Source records

== Segment start ==

text \<open>\<open>\<Delta>\<close> maps \<open>G_m + c G_0\<close> to \<open>\<Delta>(G_m)\<close> and agrees there with some derivation.\<close>
lemma local_der_Gb_eq_derivation_sum:
  assumes loc: "local_der \<Delta>" and \<Delta>0: "\<Delta> (Gb 0) = sv_zero"
  obtains D0 D1 where "even_der D0" and "odd_der D1"
    and "\<And>k. fst (\<Delta> (Gb m)) k = fst (D1 (Gb m)) k + c * fst (D1 (Gb 0)) k"
    and "\<And>k. snd (\<Delta> (Gb m)) k = snd (D0 (Gb m)) k + c * snd (D0 (Gb 0)) k"
proof -
  have lin: "sv_linear \<Delta>" using loc by (simp add: local_der_def)
  define x where "x = sv_add (Gb m) (sv_smul c (Gb 0))"
  have "sv_smul c (Gb 0) \<in> SV" by (simp add: sv_smul_def SV_def Gb_def delta_def)
  hence "x \<in> SV" unfolding x_def by (simp add: sv_add_in_SV)
  have "\<Delta> x = sv_add (\<Delta> (Gb m)) (sv_smul c sv_zero)"
    unfolding x_def using lin \<open>sv_smul c (Gb 0) \<in> SV\<close> by (simp add: sv_linear_add sv_linear_smul \<Delta>0)
  hence \<Delta>x: "\<Delta> x = \<Delta> (Gb m)" by (simp add: sv_add_def sv_smul_def sv_zero_def)
  obtain D where "sv_der D" and "\<Delta> x = D x" using loc \<open>x \<in> SV\<close> by (auto simp: local_der_def)
  then obtain D0 D1 where D0: "even_der D0" and D1: "odd_der D1"
    and "\<forall>y\<in>SV. D y = sv_add (D0 y) (D1 y)"
    by (auto simp: sv_der_def)
  with \<Delta>x \<open>\<Delta> x = D x\<close> \<open>x \<in> SV\<close> have "\<Delta> (Gb m)
      = sv_add (sv_add (D0 (Gb m)) (sv_smul c (D0 (Gb 0)))) (sv_add (D1 (Gb m)) (sv_smul c (D1 (Gb 0))))"
    using even_der_linear[OF D0] odd_der_linear[OF D1] \<open>sv_smul c (Gb 0) \<in> SV\<close>
    unfolding x_def by (simp add: sv_linear_add sv_linear_smul)
  with even_der_fst_Gb[OF D0] odd_der_snd_Gb[OF D1] show ?thesis
    by (intro that[OF D0 D1]) (simp_all add: sv_add_def sv_smul_def)
qed
lemma xc_less: "xc < Q/P"
proof -
  define k where "k = real_of_int (a*c + b*d)"
  have "0 \<le> P\<^sup>2 * k" using nonneg by (simp add: k_def)
  then have "xc = Q/P * (P\<^sup>2 * k / (P\<^sup>2 * k + 1))"
    using QP_pos unfolding xc_def k_def[symmetric] by (simp add: field_simps power2_eq_square)
  moreover have "P\<^sup>2 * k / (P\<^sup>2 * k + 1) < 1" using \<open>0 \<le> P\<^sup>2 * k\<close> by simp
  ultimately show ?thesis
    using QP_pos by (metis divide_pos_pos mult.right_neutral mult_strict_left_mono)
qed

lemma on_L_parents_iff: "on_L (a, b) (c, d) x = 0 \<longleftrightarrow> x = xc"
proof -
  define K where "K = real_of_int (a*c + b*d)"
  have "0 \<le> K" using nonneg by (simp add: K_def)
  have key: "of_int (b*d) * (Q\<^sup>2 - P\<^sup>2) - P * Q * of_int (a*d + b*c) = - (P\<^sup>2 * K + 1)"
  proof -
    have "(b*d)*((a+c)\<^sup>2 - (b+d)\<^sup>2) - (b+d)*(a+c)*(a*d+b*c) = -((b+d)\<^sup>2*(a*c+b*d) + \<epsilon>*\<epsilon>)"
      by (simp add: \<epsilon>_def power2_eq_square algebra_simps)
    from arg_cong[OF this, of real_of_int] show ?thesis
      unfolding eps_sq Q_def P_def K_def by (simp add: algebra_simps)
  qed
  have "P * Q * on_L (a, b) (c, d) x = P * Q * K + x * (of_int (b*d) * (Q\<^sup>2 - P\<^sup>2)
      - P * Q * of_int (a*d + b*c))"
    using QP_pos by (simp add: on_L_def edge_eq_def L_norm_sq_def K_def field_simps)
  also have "\<dots> = P * Q * K - x * (P\<^sup>2 * K + 1)" by (simp only: key)
  finally have "on_L (a, b) (c, d) x = 0 \<longleftrightarrow> P * Q * K = x * (P\<^sup>2 * K + 1)"
    using QP_pos by auto
  also have "\<dots> \<longleftrightarrow> x = xc"
  proof -
    have "0 \<le> P\<^sup>2 * K" using \<open>0 \<le> K\<close> by simp
    then have "P\<^sup>2 * K + 1 \<noteq> 0" by linarith
    then show ?thesis unfolding xc_def K_def[symmetric] by (auto simp: eq_divide_eq)
  qed
  finally show ?thesis .
qed

lemma on_L_interpolation:
  "on_L v w x = ((Q/P - x) * on_L v w xc + (x - xc) * on_L v w (Q/P)) / (Q/P - xc)"
proof -
  define u0 u1 where "u0 = real_of_int (snd v * snd w + fst v * fst w)"
    and "u1 = of_int (snd v * snd w) * (Q\<^sup>2 - P\<^sup>2) / (P * Q) - of_int (fst v * snd w + snd v * fst w)"
  have "on_L v w y = u0 + u1 * y" for y
    by (simp add: on_L_def edge_eq_def L_norm_sq_def u0_def u1_def algebra_simps)
  then show ?thesis using xc_less QP_pos by (simp add: field_simps)
qed

lemma on_L_at_sigma:
  "on_L v w (Q/P) = (of_int (snd v) * (Q/P) - of_int (fst v)) * (of_int (snd w) * (Q/P) - of_int (fst w))"
proof -
  have "L_norm_sq Q P (Q/P) = (Q/P)\<^sup>2"
    using QP_pos by (simp add: L_norm_sq_def field_simps power2_eq_square)
  then show ?thesis by (simp add: on_L_def edge_eq_def power2_eq_square algebra_simps)
qed

lemma basis_coords:
  obtains \<alpha> \<gamma> where "v = (\<alpha>*a + \<gamma>*c, \<alpha>*b + \<gamma>*d)"
proof -
  obtain v1 v2 where v: "v = (v1, v2)" by fastforce
  define \<alpha> \<gamma> where "\<alpha> = \<epsilon> * (v1*d - c*v2)" and "\<gamma> = \<epsilon> * (a*v2 - v1*b)"
  have "\<alpha>*a + \<gamma>*c = (\<epsilon>*\<epsilon>) * v1" "\<alpha>*b + \<gamma>*d = (\<epsilon>*\<epsilon>) * v2"
    by (simp_all add: \<alpha>_def \<gamma>_def \<epsilon>_def algebra_simps)
  then show thesis using that[of \<alpha> \<gamma>] by (simp add: v eps_sq)
qed
(* Let $n\ge 1$ and consider the continuous-time networked SAIR(S) system: for each $i\in\{1,\dots,n\}$, \begin{align*} \dot{s}_{i}(t)&=-\beta_{i} s_{i}(t) \sum_{j=1}^n W_{ij}\big( a_{j}(t)+ p_{j}(t)\big)+\delta_{i} r_{i}(t),\\ \dot{a}_{i}(t)&=q\beta_{i} s_{i}(t) \sum_{j=1}^n W_{ij}\big( a_{j}(t)+ p_{j}(t)\big)-\sigma_{i} a_{i}(t)-\kappa_{i}a_{i}(t),\\ \dot{p}_{i}(t)&=(1-q)\beta_{i} s_{i}(t) \sum_{j=1}^n W_{ij}\big( a_{j}(t)+ p_{j}(t)\big)+\sigma_{i} a_{i}(t)-\gamma_{i} p_{i}(t),\\ \dot{r}_{i}(t)&=\kappa_{i} a_{i}(t)+\gamma_{i} p_{i}(t)-\delta_{i} r_{i}(t), \end{align*} where for all $i,j\in\{1,\dots,n\}$ we have $\beta_i,\gamma_i,\delta_i,\sigma_i,\kappa_i,W_{ij}\ge 0$ and $0\le q\le 1$. Suppose that $s_i(0),a_i(0),p_i(0),r_i(0)\in[0,1]$ and $s_i(0)+a_i(0)+p_i(0)+r_i(0)=1$ for all $i$. Then for all $t\ge 0$ and all $i\in\{1,\dots,n\}$, $s_i(t),a_i(t),p_i(t),r_i(t)\in[0,1]$ and $s_i(t)+a_i(t)+p_i(t)+r_i(t)=1$.
   Context: The variables $s_i,a_i,p_i,r_i$ are the proportions of subpopulation $i$ that are susceptible, asymptomatic-infected, symptomatic-infected and recovered; $W=[W_{ij}]$ is the adjacency matrix of the interconnection network; $\beta_i$ is the transmission rate, $\sigma_i$ the asymptomatic-to-symptomatic progression rate, $\kappa_i,\gamma_i$ the recovery rates of asymptomatic and symptomatic infected, $\delta_i$ the rate of loss of immunity, and $q$ the proportion of new infections that are asymptomatic. *)

theory Defs
  imports "HOL-Analysis.Analysis"
begin

end

theory Submission
  imports Defs
begin

(*
  Adding the four equations of a node shows that its total s + a + p + r has zero
  derivative, so it stays equal to 1. Nonnegativity comes from a quasi-positivity
  estimate: if all shares are at least -\<eta> (with 0 < \<eta> \<le> 1) and one of them equals -\<eta>,
  then its rate is at least -L\<eta> for a constant L depending only on the parameters.
  Adding \<epsilon> e^((L+1)t) to every share turns this into strict increase at every zero,
  so the shifted shares stay positive, and \<epsilon> can be taken arbitrarily small.
*)

lemma first_nonpositive_time:
  fixes y :: "'k \<Rightarrow> real \<Rightarrow> real"
  assumes "finite K"
    and cont: "\<And>k. k \<in> K \<Longrightarrow> continuous_on {0..T} (y k)"
    and "k \<in> K" "t \<in> {0..T}" "y k t \<le> 0"
  obtains t\<^sub>0 k\<^sub>0 where "t\<^sub>0 \<in> {0..T}" "k\<^sub>0 \<in> K" "y k\<^sub>0 t\<^sub>0 \<le> 0"
    "\<And>j t. j \<in> K \<Longrightarrow> 0 \<le> t \<Longrightarrow> t < t\<^sub>0 \<Longrightarrow> 0 < y j t"
proof -
  define A where "A = (\<Union>j\<in>K. {0..T} \<inter> y j -` {..0})"
  have "t \<in> A"
    using assms(3-5) by (auto simp: A_def)
  have "bdd_below A"
    by (auto simp: A_def intro!: bdd_belowI[of _ 0])
  moreover have "closed A"
    unfolding A_def using assms(1) cont
    by (intro closed_UN) (auto intro!: continuous_closed_preimage)
  ultimately have "Inf A \<in> A"
    using \<open>t \<in> A\<close> by (intro closed_contains_Inf) auto
  moreover have "0 < y j t" if "j \<in> K" "0 \<le> t" "t < Inf A" for j t
  proof (rule ccontr)
    assume "\<not> 0 < y j t"
    then have "t \<in> A"
      using that \<open>Inf A \<in> A\<close> by (auto simp: A_def not_less)
    then show False
      using cInf_lower[OF _ \<open>bdd_below A\<close>] that(3) by fastforce
  qed
  ultimately show thesis
    using that by (auto simp: A_def)
qed

lemma positive_if_increasing_at_zeros:
  fixes y D :: "'k \<Rightarrow> real \<Rightarrow> real"
  assumes "finite K"
    and deriv: "\<And>k t. k \<in> K \<Longrightarrow> 0 \<le> t \<Longrightarrow> (y k has_real_derivative D k t) (at t within {0..})"
    and init: "\<And>k. k \<in> K \<Longrightarrow> 0 < y k 0"
    and increasing: "\<And>k t. k \<in> K \<Longrightarrow> 0 < t \<Longrightarrow> t \<le> T \<Longrightarrow>
      (\<forall>j\<in>K. 0 \<le> y j t) \<Longrightarrow> y k t = 0 \<Longrightarrow> 0 < D k t"
    and k: "k \<in> K" and t: "t \<in> {0..T}"
  shows "0 < y k t"
proof (rule ccontr)
  assume "\<not> 0 < y k t"
  then have "y k t \<le> 0"
    by simp
  have cont: "continuous_on {0..T} (y j)" if "j \<in> K" for j
    using DERIV_continuous_on[OF deriv[OF that]] continuous_on_subset by fastforce
  obtain t\<^sub>0 k\<^sub>0 where t\<^sub>0: "t\<^sub>0 \<in> {0..T}" "k\<^sub>0 \<in> K" "y k\<^sub>0 t\<^sub>0 \<le> 0"
    and before: "\<And>j t. j \<in> K \<Longrightarrow> 0 \<le> t \<Longrightarrow> t < t\<^sub>0 \<Longrightarrow> 0 < y j t"
    using first_nonpositive_time[OF \<open>finite K\<close> _ k t] cont \<open>y k t \<le> 0\<close> by blast
  have "0 < t\<^sub>0"
    using t\<^sub>0 init[of k\<^sub>0] by (cases "t\<^sub>0 = 0") auto
  have nonneg: "0 \<le> y j t\<^sub>0" if j: "j \<in> K" for j
  proof (rule ccontr)
    assume "\<not> 0 \<le> y j t\<^sub>0"
    moreover have "continuous_on {0..t\<^sub>0} (y j)"
      using cont[OF j] continuous_on_subset t\<^sub>0(1) by fastforce
    ultimately obtain x where "0 \<le> x" "x \<le> t\<^sub>0" "y j x = 0"
      using IVT2'[of "y j" t\<^sub>0 0 0] init[OF j] \<open>0 < t\<^sub>0\<close> by force
    moreover have "x \<noteq> t\<^sub>0"
      using \<open>y j x = 0\<close> \<open>\<not> 0 \<le> y j t\<^sub>0\<close> by auto
    ultimately show False
      using before[OF j, of x] by simp
  qed
  then have "y k\<^sub>0 t\<^sub>0 = 0"
    using t\<^sub>0 by (simp add: order_antisym)
  with t\<^sub>0 nonneg \<open>0 < t\<^sub>0\<close> have "0 < D k\<^sub>0 t\<^sub>0"
    by (intro increasing) auto
  then obtain d where "0 < d" and left: "\<And>h. 0 < h \<Longrightarrow> t\<^sub>0 - h \<in> {0..} \<Longrightarrow> h < d \<Longrightarrow>
      y k\<^sub>0 (t\<^sub>0 - h) < y k\<^sub>0 t\<^sub>0"
    using has_real_derivative_pos_inc_left[OF deriv[of k\<^sub>0 t\<^sub>0]] t\<^sub>0 by auto
  define h where "h = min (d / 2) t\<^sub>0"
  have "y k\<^sub>0 (t\<^sub>0 - h) < 0"
    using left[of h] \<open>0 < d\<close> \<open>0 < t\<^sub>0\<close> \<open>y k\<^sub>0 t\<^sub>0 = 0\<close> by (simp add: h_def)
  moreover have "0 < y k\<^sub>0 (t\<^sub>0 - h)"
    using before[OF t\<^sub>0(2), of "t\<^sub>0 - h"] \<open>0 < d\<close> \<open>0 < t\<^sub>0\<close> by (simp add: h_def)
  ultimately show False
    by simp
qed
lemma residual_lower_bound: "gap_term + skew_term + tail_term \<le> (fro_norm (R_res (A_mat d K r a) Q))\<^sup>2"
proof -
  have "(\<Sum>m<r. (Q $$ (l,m))\<^sup>2) \<le> (\<Sum>j<K. (Q $$ (l,j))\<^sup>2)" for l
    using rK by (intro sum_mono2) auto
  hence "(\<Sum>l<r. (\<alpha> l)\<^sup>2 * (\<Sum>m<r. (Q $$ (l,m))\<^sup>2)) \<le> (\<Sum>l<r. (\<alpha> l)\<^sup>2 * (\<Sum>j<K. (Q $$ (l,j))\<^sup>2))"
    by (intro sum_mono mult_left_mono) auto
  thus ?thesis unfolding residual_terms_sum fro_norm_residual_sq by linarith
qed

lemma delta_sq_pos: "i \<in> {1..p} \<Longrightarrow> j \<in> {1..p} \<Longrightarrow> i \<noteq> j \<Longrightarrow> (delta a s i j)\<^sup>2 > 0"
proof -
  assume ij: "i \<in> {1..p}" "j \<in> {1..p}" "i \<noteq> j"
  have pos: "a (s i) > 0" "a (s j) > 0" using a_s_ge[OF ij(1)] a_s_ge[OF ij(2)] a_pos by auto
  have "a (s i) \<noteq> a (s j)" using ij a_s_strict[of i j] a_s_strict[of j i] by (cases "i < j") auto
  hence "(a (s i))\<^sup>2 \<noteq> (a (s j))\<^sup>2" using pos by (simp add: power2_eq_iff_nonneg)
  hence "a (s i) * a (s i) \<noteq> a (s j) * a (s j)" by (simp add: power2_eq_square)
  hence "delta a s i j \<noteq> 0" using pos unfolding delta_def by (simp add: field_simps)
  thus ?thesis by simp
qed

lemma inv_min_delta_sq_mult_ge:
  assumes "i \<in> {1..p}" "j \<in> {1..p}" "i \<noteq> j"
  shows "1 \<le> inv_min_delta_sq a s p * (delta a s i j)\<^sup>2"
proof -
  define D where "D = {(delta a s i j)\<^sup>2 | i j. i \<in> {1..p} \<and> j \<in> {1..p} \<and> i \<noteq> j}"
  have "D \<subseteq> (\<lambda>(i,j). (delta a s i j)\<^sup>2) ` ({1..p} \<times> {1..p})" unfolding D_def by auto
  hence fin: "finite D" by (rule finite_subset) auto
  have mem: "(delta a s i j)\<^sup>2 \<in> D" using assms unfolding D_def by blast
  have "\<forall>x\<in>D. x > 0" using delta_sq_pos unfolding D_def by blast
  hence "Min D > 0" using fin mem by (subst Min_gr_iff) auto
  moreover have "Min D \<le> (delta a s i j)\<^sup>2" using fin mem by simp
  moreover have "p > 1" using assms by auto
  ultimately show ?thesis unfolding inv_min_delta_sq_def D_def[symmetric] by simp
qed

lemma inv_min_delta_sq_nonneg: "inv_min_delta_sq a s p \<ge> 0"
proof (cases "p \<le> 1")
  case False
  hence ge: "1 \<le> inv_min_delta_sq a s p * (delta a s 1 2)\<^sup>2" by (intro inv_min_delta_sq_mult_ge) auto
  show ?thesis
  proof (rule ccontr)
    assume "\<not> inv_min_delta_sq a s p \<ge> 0"
    hence "inv_min_delta_sq a s p * (delta a s 1 2)\<^sup>2 \<le> 0" by (intro mult_nonpos_nonneg) auto
    thus False using ge by linarith
  qed
qed (simp add: inv_min_delta_sq_def)

definition off_mass where
  "off_mass = (\<Sum>l<r. \<Sum>m<r. if blk l = blk m then 0 else (Q $$ (l,m))\<^sup>2)"

definition skew_mass where
  "skew_mass = (\<Sum>l<r. \<Sum>m<r. if blk l = blk m then ((Q $$ (l,m) - Q $$ (m,l)) / 2)\<^sup>2 else 0)"

definition tail_mass where
  "tail_mass = (\<Sum>l<r. tail l)"

lemma tail_mass_bound: "(a r)\<^sup>2 * tail_mass \<le> tail_term"
  unfolding tail_mass_def tail_term_def sum_distrib_left
  using \<alpha>_ge a_pos by (intro sum_mono mult_right_mono tail_nonneg power_mono) auto

lemma skew_mass_bound: "4 * (a r)\<^sup>2 * skew_mass \<le> skew_term"
  unfolding skew_mass_def skew_term_def sum_distrib_left
proof (intro sum_mono)
  fix l m assume "l \<in> {..<r}" "m \<in> {..<r}"
  hence "a r * a r \<le> \<alpha> l * \<alpha> m" using \<alpha>_ge \<alpha>_pos a_pos by (intro mult_mono) (auto simp: less_imp_le)
  hence "(a r)\<^sup>2 * (Q $$ (l,m) - Q $$ (m,l))\<^sup>2 \<le> \<alpha> l * \<alpha> m * (Q $$ (l,m) - Q $$ (m,l))\<^sup>2"
    by (intro mult_right_mono) (auto simp: power2_eq_square)
  moreover have "0 \<le> \<alpha> l * \<alpha> m * (Q $$ (l,m) - Q $$ (m,l))\<^sup>2"
    using \<alpha>_pos \<open>l \<in> {..<r}\<close> \<open>m \<in> {..<r}\<close> by (simp add: less_imp_le)
  ultimately show "4 * (a r)\<^sup>2 * (if blk l = blk m then ((Q $$ (l,m) - Q $$ (m,l)) / 2)\<^sup>2 else 0)
      \<le> \<alpha> l * \<alpha> m * (Q $$ (l,m) - Q $$ (m,l))\<^sup>2"
    by (auto simp: power_divide)
qed

lemma off_mass_bound: "(a r)\<^sup>2 * off_mass \<le> 4 * inv_min_delta_sq a s p * gap_term"
  unfolding off_mass_def gap_term_def sum_distrib_left
proof (intro sum_mono)
  fix l m assume l: "l \<in> {..<r}" and m: "m \<in> {..<r}"
  show "(a r)\<^sup>2 * (if blk l = blk m then 0 else (Q $$ (l,m))\<^sup>2)
      \<le> 4 * inv_min_delta_sq a s p * ((Q $$ (l,m))\<^sup>2 * (\<alpha> l - \<alpha> m)\<^sup>2)"
  proof (cases "blk l = blk m")
    case True
    thus ?thesis using inv_min_delta_sq_nonneg by simp
  next
    case False
    have bl: "blk l \<in> {1..p}" and bm: "blk m \<in> {1..p}" using blk(1)[of l] blk(1)[of m] l m sp by auto
    have "(a r)\<^sup>2 \<le> inv_min_delta_sq a s p * ((a r)\<^sup>2 * (delta a s (blk l) (blk m))\<^sup>2)"
      using mult_left_mono[OF inv_min_delta_sq_mult_ge[OF bl bm False], of "(a r)\<^sup>2"] by (simp add: mult_ac)
    also have "\<dots> \<le> inv_min_delta_sq a s p * (4 * (\<alpha> l - \<alpha> m)\<^sup>2)"
      unfolding delta_def \<alpha>_blk[of l, OF l[simplified]] \<alpha>_blk[of m, OF m[simplified]]
      using inv_min_delta_sq_nonneg a_pos a_s_ge[OF bl] a_s_ge[OF bm]
      by (intro mult_left_mono ratio_gap_sq_le) auto
    finally have "(a r)\<^sup>2 \<le> inv_min_delta_sq a s p * (4 * (\<alpha> l - \<alpha> m)\<^sup>2)" .
    from mult_right_mono[OF this, of "(Q $$ (l,m))\<^sup>2"]
    show ?thesis using False by (simp add: mult_ac)
  qed
qed

lemma defect_bound:
  "2 * off_mass + 2 * skew_mass + tail_mass \<le> 1 / (a r)\<^sup>2 * (10 + 6 * (6 * real p - 5) * inv_min_delta_sq a s p)
     * (fro_norm (R_res (A_mat d K r a) Q))\<^sup>2"
proof -
  define c where "c = inv_min_delta_sq a s p"
  define R where "R = (fro_norm (R_res (A_mat d K r a) Q))\<^sup>2"
  have c: "c \<ge> 0" using inv_min_delta_sq_nonneg by (simp add: c_def)
  have "(a r)\<^sup>2 * (2 * off_mass + 2 * skew_mass + tail_mass) \<le> 8 * c * gap_term + skew_term / 2 + tail_term"
    using off_mass_bound skew_mass_bound tail_mass_bound unfolding c_def by (simp add: algebra_simps)
  also have "\<dots> \<le> (1 + 8 * c) * (gap_term + skew_term + tail_term)"
    using terms_nonneg c by (simp add: algebra_simps)
  also have "\<dots> \<le> (1 + 8 * c) * R"
    using residual_lower_bound c unfolding R_def by (intro mult_left_mono) auto
  also have "\<dots> \<le> (10 + 6 * (6 * real p - 5) * c) * R"
  proof (intro mult_right_mono)
    show "1 + 8 * c \<le> 10 + 6 * (6 * real p - 5) * c"
    proof (cases "p \<le> 1")
      case False
      hence "8 * c \<le> 6 * (6 * real p - 5) * c" using c by (intro mult_right_mono) auto
      thus ?thesis by simp
    qed (simp add: c_def inv_min_delta_sq_def)
  qed (simp add: R_def)
  finally show ?thesis using a_pos unfolding c_def R_def by (simp add: field_simps)
qed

== Segment end ==

> [Aim of the exercise]:
List the lines of the records where "thus" occurs.

> [Solution for this exercise]:
  thus ?thesis unfolding residual_terms_sum fro_norm_residual_sq by linarith
  thus ?thesis by simp
    thus False using ge by linarith
    thus ?thesis using inv_min_delta_sq_nonneg by simp
      thus ?thesis by simp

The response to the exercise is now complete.